Publié le 3 novembre 2025. Trente ans après la sortie de son premier album, Molotov continue de marquer les esprits, notamment grâce à des titres engagés comme « Donne-moi le pouvoir ». Le groupe mexicain, dont le parcours est jalonné de critiques sociales et de contestations, revient sur les origines de ce morceau emblématique et les défis rencontrés lors de ses débuts.
- « Donne-moi le pouvoir », titre phare de Molotov, est né d’une colère face aux injustices policières vécues au Mexique dans les années 1990.
- L’écriture du morceau et la genèse de l’album ont été marquées par des incidents, dont la perte des paroles originales et la censure.
- Le premier album de Molotov, paru en 1995, contenait déjà des chansons au contenu « critique, politique et intemporel », certaines devenant des hymnes pour leurs fans.
Le premier opus de Molotov, intitulé « Où joueront les filles ? », a posé les bases d’une carrière solide pour le groupe mexicain. Trente ans plus tard, certaines de ses chansons, notamment « Donne-moi le pouvoir », restent incontournables dans le répertoire du quatuor formé de Miky Huidobro, Tito Fuentes, Randy Ebright et Paco Ayala. En 1995, au moment de la formation du groupe et de l’enregistrement d’une première démo incluant des titres comme « Ching* tu madre », « Más vale cholo » et « Cerdo », la création de « Donne-moi le pouvoir » était déjà en cours.

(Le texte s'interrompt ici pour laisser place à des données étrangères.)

lemma T_le: "c n \<le> t \<Longrightarrow> t < b \<Longrightarrow> T t \<le> (1/2) ^ n * K"
  using T_antimono[OF c_ge_c0] by (simp add: T_c)

lemma T_eq_0_beyond_c:
  assumes "\<And>n. c n \<le> t" "t < b"
  shows "T t = 0"
proof -
  have "T t \<le> 0"
  proof (rule LIMSEQ_le_const)
    show "(\<lambda>n. (1/2::real) ^ n * K) \<longlonglongrightarrow> 0"
      by (intro tendsto_mult_left_zero LIMSEQ_power_zero) simp
    show "\<exists>N. \<forall>n\<ge>N. T t \<le> (1/2) ^ n * K"
      using T_le assms by blast
  qed
  with T_nonneg[of t] show ?thesis by simp
qed

lemma product_le_convolution:
  assumes "c n \<le> t" "t \<le> c (Suc n)" "t < b"
  shows "P t * T t \<le> 2 * (\<Sum>k\<le>n. (1/2) ^ (n - k) * omega_sq k)"
proof -
  have "P t * T t \<le> P (c (Suc n)) * ((1/2) ^ n * K)"
    using assms c_ge_c0[of n] c_less[of "Suc n"] P_nonneg T_nonneg
    by (intro mult_mono P_mono T_le) (auto intro: order_trans)
  also have "\<dots> = (\<Sum>k\<le>n. 2 * ((1/2) ^ (n - k) * omega_sq k))"
    unfolding P_c sum_distrib_right
  proof (rule sum.cong[OF refl])
    fix k assume "k \<in> {..n}"
    then have "(1/2::real) ^ n = (1/2) ^ (n - k) * (1/2) ^ k"
      by (simp flip: power_add)
    then show "p k * ((1/2) ^ n * K) = 2 * ((1/2) ^ (n - k) * omega_sq k)"
      by (simp add: omega_sq_def)
  qed
  finally show ?thesis by (simp add: sum_distrib_left)
qed

lemma omega_sq_le_product: "omega_sq n \<le> P (c (Suc n)) * T (c (Suc n))"
proof -
  have "p n \<le> P (c (Suc n))"
    unfolding P_c using p_nonneg by (intro member_le_sum) auto
  then have "(1/2) ^ Suc n * K * p n \<le> (1/2) ^ Suc n * K * P (c (Suc n))"
    using K_nonneg by (intro mult_left_mono) auto
  then show ?thesis
    unfolding omega_sq_def T_c by (simp add: mult.commute)
qed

Ce titre emblématique a vu le jour sous la plume de Miky Huidobro. Son inspiration s’est nourrie du contexte sociopolitique du Mexique, à l’aube de la fin du mandat d’Ernesto Zedillo et peu après la crise économique de 1994. Le bassiste a relaté l’anecdote à l’origine de la chanson lors d’une intervention dans « Politico MX ». Il a été témoin de l’arrestation d’un jeune homme par la police, simplement en raison de son apparence physique, alors qu’il prenait un café. Cette scène a ravivé chez Huidobro le sentiment de colère face à un pouvoir potentiellement répressif, comme il l’a expliqué :
« Cela a été écrit après la crise de 94, après la bonne détente qu’il y avait, il n’y avait pas de chef du gouvernement, à cette époque, j’étais régent, il y avait une loi par laquelle on pouvait être arrêté, même à cause de son apparence ; je prenais un café à La hija del cuervo, avec un ami, et il y avait un gars qui jouait de la guitare comme moi maintenant, des grenadiers sont arrivés et lui ont grimpé dessus, alors je jouais, même s’ils disent que ce ne sont pas des gouvernements répressifs, (la chanson) vient de cette colère, j’aurais pu être cette personne ».
L’enregistrement de « Donne-moi le pouvoir » n’a pas été un long fleuve tranquille. Avant la version finale, une première mouture a été perdue lorsque Tito Fuentes a égaré la feuille contenant les paroles écrites par Miky. C’est finalement le cousin du guitariste qui a composé le second couplet, celui qui contient la célèbre phrase « Viva México, cabron*s », chanté par Fuentes lui-même. Miky Huidobro a confié :
« J’ai écrit les chansons sur papier et avec un stylo ; Tito venait répéter les chansons, parfois, avec l’original des paroles, je lui ai donné l’original du deuxième couplet et il l’a perdu, et c’était un bijou, je lui ai dit ‘maintenant tu l’écris’, ce deuxième couplet a été écrit par un de ses cousins ».
À cette époque, être musicien et exprimer des idées politiquement engagées représentait un risque constant. La sortie de leur premier album a d’ailleurs été marquée par la censure dans les magasins. Face à cette interdiction, Molotov a choisi de vendre sa production directement dans la rue, de main en main. Paradoxalement, cette interdiction a accru la demande, attisant la curiosité du public jeune pour leur musique audacieuse.